Standing is a judicial principle that requires a plaintiff to have suffered a concrete injury traceable to the conduct that the plaintiff is challenging in court and that can be remedied by a favorable judicial decision.
Because the plaintiffs did not allege that North Carolina’s law had prevented them from getting married—all three couples were able to obtain marriage licenses—the Court ruled they had not suffered any injury.
But the plaintiffs argued that they still had standing.
“Senate Bill 2 expressly declares that their religious beliefs are superior to their oath of judicial office to uphold and support the federal constitution. And the law spends public money to advance those religious beliefs. That is a straightforward violation of the First Amendment,” said Luke Largess, lead counsel for the plaintiffs, according to the Campaign for Southern Equality’s website.
The plaintiffs’ case relied on Flast v. Cohen, a 1968 Supreme Court ruling that allows taxpayers to mount an Establishment Clause challenge to government spending used to support a religion. In Flast, a group of taxpayers challenged a federal law that permitted government funds to be used to purchase secular textbooks for use in religious schools. Florence Flast argued that the use of taxpayer money in that manner was a violation of the Establishment Clause.
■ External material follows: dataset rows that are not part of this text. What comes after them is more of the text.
(* $\mathrm{cov}(\mathcal{M})\leq\mathrm{cov}^{+}(\mathcal{S}pl)\leq\mathfrak{r}$.
   Context: For an infinite $A\subseteq\omega$, let $S(A)$ be the set of all $\sigma\in2^{<\omega}$ such that $\sigma$ is constant on $A\cap\mathrm{dom}(\sigma)$. The splitting ideal $\mathcal{S}pl$ is the ideal on $2^{<\omega}$ generated by the sets $S(A)$, $A\in[\omega]^{\omega}$. For an ideal $\mathcal{J}$, $\mathrm{cov}^{+}(\mathcal{J})=\min\{|\mathcal{F}|:\mathcal{F}\subseteq\mathcal{J}$ and for every $\mathcal{J}$-positive $X$ there is $F\in\mathcal{F}$ with $|X\cap F|=\omega\}$. $\mathcal{M}$ is the ideal of meager subsets of $2^\omega$, and $\mathfrak{r}$ is the reaping number. *)

theory Defs
  imports Main
begin

text \<open>Cantor space 2^omega is nat => bool; 2^{<omega} is bool list.
  dom(sigma) = {0..<length sigma}.\<close>

definition basic_open :: "bool list \<Rightarrow> (nat \<Rightarrow> bool) set" where
  "basic_open \<sigma> = {x. \<forall>i<length \<sigma>. x i = \<sigma> ! i}"

definition nowhere_dense_cantor :: "(nat \<Rightarrow> bool) set \<Rightarrow> bool" where
  "nowhere_dense_cantor A \<longleftrightarrow>
     (\<forall>\<sigma>. \<exists>\<rho>. basic_open (\<sigma> @ \<rho>) \<inter> A = {})"

definition meager_cantor :: "(nat \<Rightarrow> bool) set \<Rightarrow> bool" where
  "meager_cantor A \<longleftrightarrow>
     (\<exists>N :: nat \<Rightarrow> (nat \<Rightarrow> bool) set. (\<forall>n. nowhere_dense_cantor (N n)) \<and> A \<subseteq> (\<Union>n. N n))"

definition cov_M_family :: "(nat \<Rightarrow> bool) set set \<Rightarrow> bool" where
  "cov_M_family \<G> \<longleftrightarrow> (\<forall>G\<in>\<G>. meager_cantor G) \<and> \<Union>\<G> = UNIV"

definition S_set :: "nat set \<Rightarrow> bool list set" where
  "S_set A = {\<sigma>. \<forall>i\<in>A. \<forall>j\<in>A. i < length \<sigma> \<longrightarrow> j < length \<sigma> \<longrightarrow> \<sigma> ! i = \<sigma> ! j}"

definition Spl :: "bool list set set" where
  "Spl = {X. \<exists>\<A>. finite \<A> \<and> (\<forall>A\<in>\<A>. infinite A) \<and> X \<subseteq> (\<Union>A\<in>\<A>. S_set A)}"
Plaintiffs argued that a similar scenario was at play in Ansley—public funds being used to accommodate the religious intolerance of magistrate judges in McDowell County—but the Fourth Circuit disagreed. The court ruled that under Flast, taxpayers only have standing to challenge spending that involves specific legislative appropriations, which wasn’t the case here.
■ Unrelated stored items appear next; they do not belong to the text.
(* Let $d,d'\in\mathcal D$, with notation $(\mathbf P,\mathbf r,J_\mu,J_{\mu,\sigma},\mathbf g)$ for $d$ and $(\mathbf P',\mathbf r',J'_{\mu,\sigma})$ for $d'$, and write $p(i,j),r(i),g(j)$, $p'(i,j),r'(i)$ for the entries. If $$\sum_{j\in\mathcal S}p'(i,j)g(j)+r'(i)-\beta(r'(i)-J_\mu)^2\ \ge\ \sum_{j\in\mathcal S}p(i,j)g(j)+r(i)-\beta(r(i)-J_\mu)^2\qquad\text{for all } i\in\mathcal S,$$ then $J'_{\mu,\sigma}\ge J_{\mu,\sigma}$. If moreover the inequality is strict for at least one $i\in\mathcal S$, then $J'_{\mu,\sigma}>J_{\mu,\sigma}$.
   Context: Let $\mathcal S=\{1,\dots,S\}$ be a finite state space and $\mathcal A$ a finite action set. For $i,j\in\mathcal S$, $a\in\mathcal A$, let $p^a(i,j)\ge 0$ with $\sum_{j}p^a(i,j)=1$ be transition probabilities and $r(i,a)\in\mathbb R$ rewards. A deterministic stationary policy is a map $d:\mathcal S\to\mathcal A$; $\mathcal D$ denotes the set of such policies. Under $d$, $\mathbf P^d$ is the $S\times S$ matrix with entries $p^{d(i)}(i,j)$ and $\mathbf r^d$ is the column vector with entries $r(i,d(i))$. Standing assumption: for every $d\in\mathcal D$ the chain with transition matrix $\mathbf P^d$ is irreducible, so it has a unique stationary distribution (row vector) $\boldsymbol\pi^d$, $\boldsymbol\pi^d\mathbf P^d=\boldsymbol\pi^d$, $\boldsymbol\pi^d\mathbf 1=1$, with all entries strictly positive. Define $J^d_\mu=\boldsymbol\pi^d\mathbf r^d$, $J^d_\sigma=\sum_i\pi^d(i)(r(i,d(i))-J^d_\mu)^2$, and for fixed $\beta>0$, $J^d_{\mu,\sigma}=J^d_\mu-\beta J^d_\sigma=\boldsymbol\pi^d\mathbf f^d$ with $f^d(i)=r(i,d(i))-\beta(r(i,d(i))-J^d_\mu)^2$. The performance potential $\mathbf g^d$ is any solution of $\mathbf g^d=\mathbf f^d-J^d_{\mu,\sigma}\mathbf 1+\mathbf P^d\mathbf g^d$ (unique up to an additive constant vector). *)

theory Defs
  imports Main "HOL-Library.Cardinality" Complex_Main
begin

(* States: a finite type 's; actions: a finite type 'a.
   Transition probabilities: p a i j = p^a(i,j); rewards: r i a = r(i,a).
   A deterministic stationary policy is d :: 's => 'a. *)

definition stochastic_kernel :: "('a \<Rightarrow> 's::finite \<Rightarrow> 's \<Rightarrow> real) \<Rightarrow> bool" where
  "stochastic_kernel p \<longleftrightarrow> (\<forall>a i j. p a i j \<ge> 0) \<and> (\<forall>a i. (\<Sum>j\<in>UNIV. p a i j) = 1)"

definition Pmat :: "('a \<Rightarrow> 's \<Rightarrow> 's \<Rightarrow> real) \<Rightarrow> ('s \<Rightarrow> 'a) \<Rightarrow> 's \<Rightarrow> 's \<Rightarrow> real" where
  "Pmat p d i j = p (d i) i j"

definition rvec :: "('s \<Rightarrow> 'a \<Rightarrow> real) \<Rightarrow> ('s \<Rightarrow> 'a) \<Rightarrow> 's \<Rightarrow> real" where
  "rvec r d i = r i (d i)"

fun mpow :: "('s::finite \<Rightarrow> 's \<Rightarrow> real) \<Rightarrow> nat \<Rightarrow> 's \<Rightarrow> 's \<Rightarrow> real" where
  "mpow P 0 i j = (if i = j then 1 else 0)"
| "mpow P (Suc n) i j = (\<Sum>k\<in>UNIV. mpow P n i k * P k j)"

definition irreducible_chain :: "('s::finite \<Rightarrow> 's \<Rightarrow> real) \<Rightarrow> bool" where
  "irreducible_chain P \<longleftrightarrow> (\<forall>i j. \<exists>n. mpow P n i j > 0)"

definition is_stationary :: "('s::finite \<Rightarrow> 's \<Rightarrow> real) \<Rightarrow> ('s \<Rightarrow> real) \<Rightarrow> bool" where
  "is_stationary P \<pi> \<longleftrightarrow> (\<forall>j. (\<Sum>i\<in>UNIV. \<pi> i * P i j) = \<pi> j) \<and> (\<Sum>i\<in>UNIV. \<pi> i) = 1"

(* the (unique, under irreducibility) stationary distribution pi^d *)
definition stat_dist :: "('s::finite \<Rightarrow> 's \<Rightarrow> real) \<Rightarrow> 's \<Rightarrow> real" where
  "stat_dist P = (THE \<pi>. is_stationary P \<pi>)"

definition J_mu :: "('a \<Rightarrow> 's::finite \<Rightarrow> 's \<Rightarrow> real) \<Rightarrow> ('s \<Rightarrow> 'a \<Rightarrow> real) \<Rightarrow> ('s \<Rightarrow> 'a) \<Rightarrow> real" where
  "J_mu p r d = (\<Sum>i\<in>UNIV. stat_dist (Pmat p d) i * rvec r d i)"

definition J_sigma :: "('a \<Rightarrow> 's::finite \<Rightarrow> 's \<Rightarrow> real) \<Rightarrow> ('s \<Rightarrow> 'a \<Rightarrow> real) \<Rightarrow> ('s \<Rightarrow> 'a) \<Rightarrow> real" where
  "J_sigma p r d = (\<Sum>i\<in>UNIV. stat_dist (Pmat p d) i * (rvec r d i - J_mu p r d)\<^sup>2)"

definition J_mu_sigma :: "real \<Rightarrow> ('a \<Rightarrow> 's::finite \<Rightarrow> 's \<Rightarrow> real) \<Rightarrow> ('s \<Rightarrow> 'a \<Rightarrow> real) \<Rightarrow> ('s \<Rightarrow> 'a) \<Rightarrow> real" where
  "J_mu_sigma \<beta> p r d = J_mu p r d - \<beta> * J_sigma p r d"

definition fvec :: "real \<Rightarrow> ('a \<Rightarrow> 's::finite \<Rightarrow> 's \<Rightarrow> real) \<Rightarrow> ('s \<Rightarrow> 'a \<Rightarrow> real) \<Rightarrow> ('s \<Rightarrow> 'a) \<Rightarrow> 's \<Rightarrow> real" where
  "fvec \<beta> p r d i = rvec r d i - \<beta> * (rvec r d i - J_mu p r d)\<^sup>2"

definition is_potential :: "real \<Rightarrow> ('a \<Rightarrow> 's::finite \<Rightarrow> 's \<Rightarrow> real) \<Rightarrow> ('s \<Rightarrow> 'a \<Rightarrow> real) \<Rightarrow> ('s \<Rightarrow> 'a) \<Rightarrow> ('s \<Rightarrow> real) \<Rightarrow> bool" where
  "is_potential \<beta> p r d g \<longleftrightarrow>
     (\<forall>i. g i = fvec \<beta> p r d i - J_mu_sigma \<beta> p r d + (\<Sum>j\<in>UNIV. Pmat p d i j * g j))"

end

theory Submission
  imports Defs "HOL-Analysis.Analysis"
begin

text \<open>Write \<open>Q e i\<close> for the quantity compared in the hypothesis, evaluated at policy \<open>e\<close>,
  and let \<open>w\<close> be the stationary distribution of \<open>d'\<close>. The Poisson equation gives
  \<open>Q d i = g i + J\<^sub>\<mu>\<^sub>,\<^sub>\<sigma>\<close>; averaging \<open>Q d' - Q d\<close> against \<open>w\<close> kills the potential term
  by stationarity, and splitting the \<open>w\<close>-mean square deviation of the rewards of \<open>d'\<close> from
  \<open>J\<^sub>\<mu>\<close> at their own mean \<open>J'\<^sub>\<mu>\<close> yields the performance difference formula
  \<open>J'\<^sub>\<mu>\<^sub>,\<^sub>\<sigma> - J\<^sub>\<mu>\<^sub>,\<^sub>\<sigma> = (\<Sum>i. w i * (Q d' i - Q d i)) + \<beta> * (J'\<^sub>\<mu> - J\<^sub>\<mu>)\<^sup>2\<close>.
  Both terms are nonnegative, and the first is positive as soon as one \<open>Q d' i > Q d i\<close>,
  because irreducibility makes \<open>w\<close> strictly positive.\<close>

definition stochastic_matrix :: "('s::finite \<Rightarrow> 's \<Rightarrow> real) \<Rightarrow> bool" where
  "stochastic_matrix P \<longleftrightarrow> (\<forall>i j. P i j \<ge> 0) \<and> (\<forall>i. (\<Sum>j\<in>UNIV. P i j) = 1)"

definition left_invariant :: "('s::finite \<Rightarrow> 's \<Rightarrow> real) \<Rightarrow> ('s \<Rightarrow> real) \<Rightarrow> bool" where
  "left_invariant P x \<longleftrightarrow> (\<forall>j. (\<Sum>i\<in>UNIV. x i * P i j) = x j)"

lemma stochastic_matrix_Pmat:
  "stochastic_kernel p \<Longrightarrow> stochastic_matrix (Pmat p d)"
  by (simp add: stochastic_kernel_def stochastic_matrix_def Pmat_def)

lemma mpow_nonneg: "stochastic_matrix P \<Longrightarrow> mpow P n i j \<ge> 0"
  by (induction n arbitrary: j)
    (auto simp: stochastic_matrix_def intro!: sum_nonneg mult_nonneg_nonneg)

lemma left_invariant_lincomb:
  "left_invariant P x \<Longrightarrow> left_invariant P y \<Longrightarrow> left_invariant P (\<lambda>i. a * x i + b * y i)"
  by (simp add: left_invariant_def distrib_right sum.distrib
      sum_distrib_left[symmetric] mult.assoc)

lemma left_invariant_mpow:
  assumes "left_invariant P x"
  shows "(\<Sum>i\<in>UNIV. x i * mpow P n i j) = x j"
proof (induction n arbitrary: j)
  case 0
  then show ?case by (simp add: if_distrib cong: if_cong)
next
  case (Suc n)
  have "(\<Sum>i\<in>UNIV. x i * mpow P (Suc n) i j)
      = (\<Sum>k\<in>UNIV. (\<Sum>i\<in>UNIV. x i * mpow P n i k) * P k j)"
    by (simp add: sum_distrib_left sum_distrib_right mult.assoc) (rule sum.swap)
  also have "\<dots> = x j" using Suc assms by (simp add: left_invariant_def)
  finally show ?case .
qed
“As we have noted, S.B. 2 is not an appropriations bill but an attempt to accommodate the employees’ rights of religious conscience with the right of same-sex couples to marry,” the panel concluded.
The appeals court noted that the case “presents one of the most problematic terrains for finding standing—either under general rules or the Flast exception.” General standing rules require an injury in fact, and the appeals court found no such injury in this case. In addition, the court found that the essential ingredients of a Flast claim were missing—there was no specific legislative appropriation or subsidy of a sectarian entity.
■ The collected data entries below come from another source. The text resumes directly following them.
(* Let $n\in\mathbb N$. (a) If $a_{\mathbf P}:(0,\infty)\to\mathbb R$, $\mathbf P\in\mathbf{Part}(n)$, are functions such that $\sum_{\mathbf P\in\mathbf{Part}(n)}a_{\mathbf P}(\|\mu\|)(\tau^{\mathbf P}_I)_\mu=0$ for all finite sets $I$ and all $\mu\in\mathcal M_+(I)$, then $a_{\mathbf P}\equiv0$ for all $\mathbf P$. (b) If $c_{\mathbf P}\in\mathbb R$, for $\mathbf P=\{P_1,\dots,P_l\}\in\mathbf{Part}(n)$ with $|P_i|\ge2$ for all $i$, are constants such that $\sum_{\mathbf P}c_{\mathbf P}\tau^{\mathbf P}_I=0$ when restricted to $\mathcal P_+(I)$ (i.e. at points of $\mathcal P_+(I)$ and on tangent vectors in $\mathcal S_0(I)$) for all finite sets $I$, then $c_{\mathbf P}=0$ for all $\mathbf P$. In other words, the functions $a_{\mathbf P}$ and the constants $c_{\mathbf P}$ in such representations are uniquely determined.
   Context: $\mathbf{Part}(n)$ is the set of partitions of $\{1,\dots,n\}$. For a finite set $I$: $\mathcal S(I)=\{\sum_{i\in I}x_i\delta_i\}$, $\|\sum x_i\delta_i\|=\sum|x_i|$, $\mathcal M_+(I)=\{\sum\mu_i\delta_i:\mu_i>0\}$, $\mathcal P_+(I)=\{\mu\in\mathcal M_+(I):\sum\mu_i=1\}$, $\mathcal S_0(I)=\{\sum x_i\delta_i:\sum x_i=0\}$. For $\mu=\sum\mu_i\delta_i\in\mathcal M_+(I)$ and $V_k=\sum_iV^i_k\delta_i\in\mathcal S(I)$, $(\tau^m_I)_\mu(V_1,\dots,V_m)=\sum_i\mu_i^{1-m}V_1^i\cdots V_m^i$, and for $\mathbf P=\{P_1,\dots,P_l\}\in\mathbf{Part}(n)$, $(\tau^{\mathbf P}_I)_\mu(V_1,\dots,V_n)=\prod_{i=1}^l(\tau^{|P_i|}_I)_\mu((V_j)_{j\in P_i})$. *)

theory Defs
  imports Complex_Main "HOL-Library.Disjoint_Sets"
begin

definition Part :: "nat \<Rightarrow> nat set set set" where
  "Part n = {P. partition_on {1..n} P}"

text \<open>Elements of S(I) are modelled as functions nat => real (only values on I matter);
  a family V_1,...,V_n is V :: nat => nat => real, with V k i the i-th coordinate of V_k.\<close>

definition snorm :: "nat set \<Rightarrow> (nat \<Rightarrow> real) \<Rightarrow> real" where
  "snorm I x = (\<Sum>i\<in>I. \<bar>x i\<bar>)"

text \<open>(tau^m_I)_mu applied to the vectors (V_j)_{j in B}, where m = |B|.\<close>
definition tau_block :: "nat set \<Rightarrow> (nat \<Rightarrow> real) \<Rightarrow> (nat \<Rightarrow> nat \<Rightarrow> real) \<Rightarrow> nat set \<Rightarrow> real" where
  "tau_block I \<mu> V B = (\<Sum>i\<in>I. \<mu> i powr (1 - real (card B)) * (\<Prod>j\<in>B. V j i))"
“Plaintiffs seek to characterize these expenditures as the ‘lifeblood’ of the statute,” Wilkinson wrote for the panel, “but the inescapable fact is that S.B. 2 is not a spending bill.”
“What we have instead are ‘incidental expenditure[s] of tax funds in the administration of an essentially regulatory statute’ that alters the scope of magistrate duties in performing marriages. As with any regulatory measure, some level of expenditure is necessary to carry out the goals of the program, and the Supreme Court has never found such ancillary spending to provide an adequate basis for standing.”
Wilkinson pointed out that none of the money would go to religious institutions; the funds were simply being shuffled around within the government.
The Supreme Court has repeatedly ruled that the taxpayer’s interest in making sure her tax dollars are spent in accordance with the Constitution is too attenuated and generalized to confer standing. There are a few exceptions—for instance, when a specific legislative appropriation is used to subsidize a sectarian entity, as in Flast—but generally citizens do not have standing to challenge how their taxpayer dollars are used.
Former Gov. Pat McCrory (R) vetoed SB 2 in May 2015, despite his opposition to same-sex marriage. He argued that public officials need to uphold the law regardless of their personal religious beliefs. The Republican-controlled legislature overrode his veto in June 2015.